* _How to complete this task_
Return exactly the lines below, starting with the one that has "M (\<lambda>x. E" and going on through the one that has "(h x)\<^sup>2 \<partial>M)".

:::

lemma abs_moment_cond_exp_diff_perturb:
  assumes F: "subalgebra M F" and G: "subalgebra M G" and f: "f \<in> Lfun M n" and t: "t \<in> Lfun M n"
  shows "abs_moment M n (\<lambda>x. real_cond_exp M F f x - real_cond_exp M G f x)
    \<le> 2 ^ n * (abs_moment M n (\<lambda>x. real_cond_exp M F t x - real_cond_exp M G t x)
      + 2 ^ (n + 1) * abs_moment M n (\<lambda>x. f x - t x))"
proof -
  define r where "r = (\<lambda>x. f x - t x)"
  have rL: "r \<in> Lfun M n" unfolding r_def by (rule Lfun_diff[OF f t])
  have EL: "real_cond_exp M S g \<in> Lfun M n" if "subalgebra M S" "g \<in> Lfun M n" for S g
    by (rule cond_exp_Lfun(1)[OF that])
  have split: "AE x in M. real_cond_exp M S f x = real_cond_exp M S t x + real_cond_exp M S r x"
    if S: "subalgebra M S" for S
  proof -
    interpret sigma_finite_subalgebra M S by (rule subalgebra_sigma_finite[OF S])
    show ?thesis
      using real_cond_exp_add[OF Lfun_integrable[OF t] Lfun_integrable[OF rL]] by (simp add: r_def)
  qed
  let ?dt = "\<lambda>x. real_cond_exp M F t x - real_cond_exp M G t x"
  let ?dr = "\<lambda>x. real_cond_exp M F r x - real_cond_exp M G r x"
  have dtL: "?dt \<in> Lfun M n" and drL: "?dr \<in> Lfun M n"
    using F G t rL by (auto intro!: Lfun_diff EL)
  have "abs_moment M n ?dr
      \<le> 2 ^ n * (abs_moment M n (real_cond_exp M F r) + abs_moment M n (real_cond_exp M G r))"
    using F G rL by (intro abs_moment_diff_le EL)
  also have "\<dots> \<le> 2 ^ n * (abs_moment M n r + abs_moment M n r)"
    using cond_exp_Lfun(2)[OF F rL] cond_exp_Lfun(2)[OF G rL] by (intro mult_left_mono add_mono) simp_all
  finally have dr: "abs_moment M n ?dr \<le> 2 ^ (n + 1) * abs_moment M n r" by simp
  have "AE x in M. real_cond_exp M F f x - real_cond_exp M G f x = ?dt x + ?dr x"
    using split[OF F] split[OF G] by eventually_elim simp
  then have "abs_moment M n (\<lambda>x. real_cond_exp M F f x - real_cond_exp M G f x)
      = abs_moment M n (\<lambda>x. ?dt x + ?dr x)"
    using Lfun_borel[OF Lfun_add[OF dtL drL]] by (intro abs_moment_cong_AE) simp_all
  also have "\<dots> \<le> 2 ^ n * (abs_moment M n ?dt + abs_moment M n ?dr)"
    by (rule abs_moment_add_le[OF dtL drL])
  also have "\<dots> \<le> 2 ^ n * (abs_moment M n ?dt + 2 ^ (n + 1) * abs_moment M n r)"
    using dr by (intro mult_left_mono add_left_mono) simp_all
  finally show ?thesis unfolding r_def .
qed

end

context prob_space
begin

lemma cond_exp_pythagoras:
  assumes G: "subalgebra M G" and h: "h \<in> Lfun M 2"
  shows "abs_moment M 2 (\<lambda>x. h x - real_cond_exp M G h x)
    = abs_moment M 2 h - abs_moment M 2 (real_cond_exp M G h)"
proof -
  interpret L2: Ln_prob_space M 2 by unfold_locales simp
  interpret sigma_finite_subalgebra M G by (rule subalgebra_sigma_finite[OF G])
  define E where "E = real_cond_exp M G h"
  have hM: "h \<in> borel_measurable M" by (rule L2.Lfun_borel[OF h])
  have h2: "integrable M (\<lambda>x. (h x)\<^sup>2)"
    using L2.Lfun_integrable_power[OF h] by simp
  have E2: "integrable M (\<lambda>x. (E x)\<^sup>2)"
    using L2.Lfun_integrable_power[OF L2.cond_exp_Lfun(1)[OF G h]] by (simp add: E_def)
  have Eh: "integrable M (\<lambda>x. E x * h x)"
  proof (rule Bochner_Integration.integrable_bound[where f="\<lambda>x. (E x)\<^sup>2 + (h x)\<^sup>2"])
    show "AE x in M. norm (E x * h x) \<le> norm ((E x)\<^sup>2 + (h x)\<^sup>2)"
      using abs_mult_le_sum_squares by (intro AE_I2) simp
  qed (use E2 h2 hM in \<open>simp_all add: E_def\<close>)
  have "(\<integral>x. E x * h x \<partial>M) = (\<integral>x. E x * E x \<partial>M)"
    using real_cond_exp_intg(2)[OF Eh _ hM] unfolding E_def by simp
  then have cross: "(\<integral>x. E x * h x \<partial>M) = (\<integral>x. (E x)\<^sup>2 \<partial>M)"
    by (simp add: power2_eq_square)
  have "abs_moment M 2 (\<lambda>x. h x - E x) = (\<integral>x. (h x)\<^sup>2 - 2 * (E x * h x) + (E x)\<^sup>2 \<partial>M)"
    unfolding abs_moment_def by (intro Bochner_Integration.integral_cong) (simp_all add: power2_diff)
  also have "\<dots> = (\<integral>x. (h x)\<^sup>2 \<partial>M) - 2 * (\<integral>x. E x * h x \<partial>M) + (\<integral>x. (E x)\<^sup>2 \<partial>M)"
    using h2 E2 Eh by simp
  finally show ?thesis using cross by (simp add: abs_moment_def E_def)
qed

:::

* _Response below_
  have Eh: "integrable M (\<lambda>x. E x * h x)"
  proof (rule Bochner_Integration.integrable_bound[where f="\<lambda>x. (E x)\<^sup>2 + (h x)\<^sup>2"])
    show "AE x in M. norm (E x * h x) \<le> norm ((E x)\<^sup>2 + (h x)\<^sup>2)"
      using abs_mult_le_sum_squares by (intro AE_I2) simp
  qed (use E2 h2 hM in \<open>simp_all add: E_def\<close>)
  have "(\<integral>x. E x * h x \<partial>M) = (\<integral>x. E x * E x \<partial>M)"
    using real_cond_exp_intg(2)[OF Eh _ hM] unfolding E_def by simp
  then have cross: "(\<integral>x. E x * h x \<partial>M) = (\<integral>x. (E x)\<^sup>2 \<partial>M)"
    by (simp add: power2_eq_square)
  have "abs_moment M 2 (\<lambda>x. h x - E x) = (\<integral>x. (h x)\<^sup>2 - 2 * (E x * h x) + (E x)\<^sup>2 \<partial>M)"
    unfolding abs_moment_def by (intro Bochner_Integration.integral_cong) (simp_all add: power2_diff)
  also have "\<dots> = (\<integral>x. (h x)\<^sup>2 \<partial>M) - 2 * (\<integral>x. E x * h x \<partial>M) + (\<integral>x. (E x)\<^sup>2 \<partial>M)"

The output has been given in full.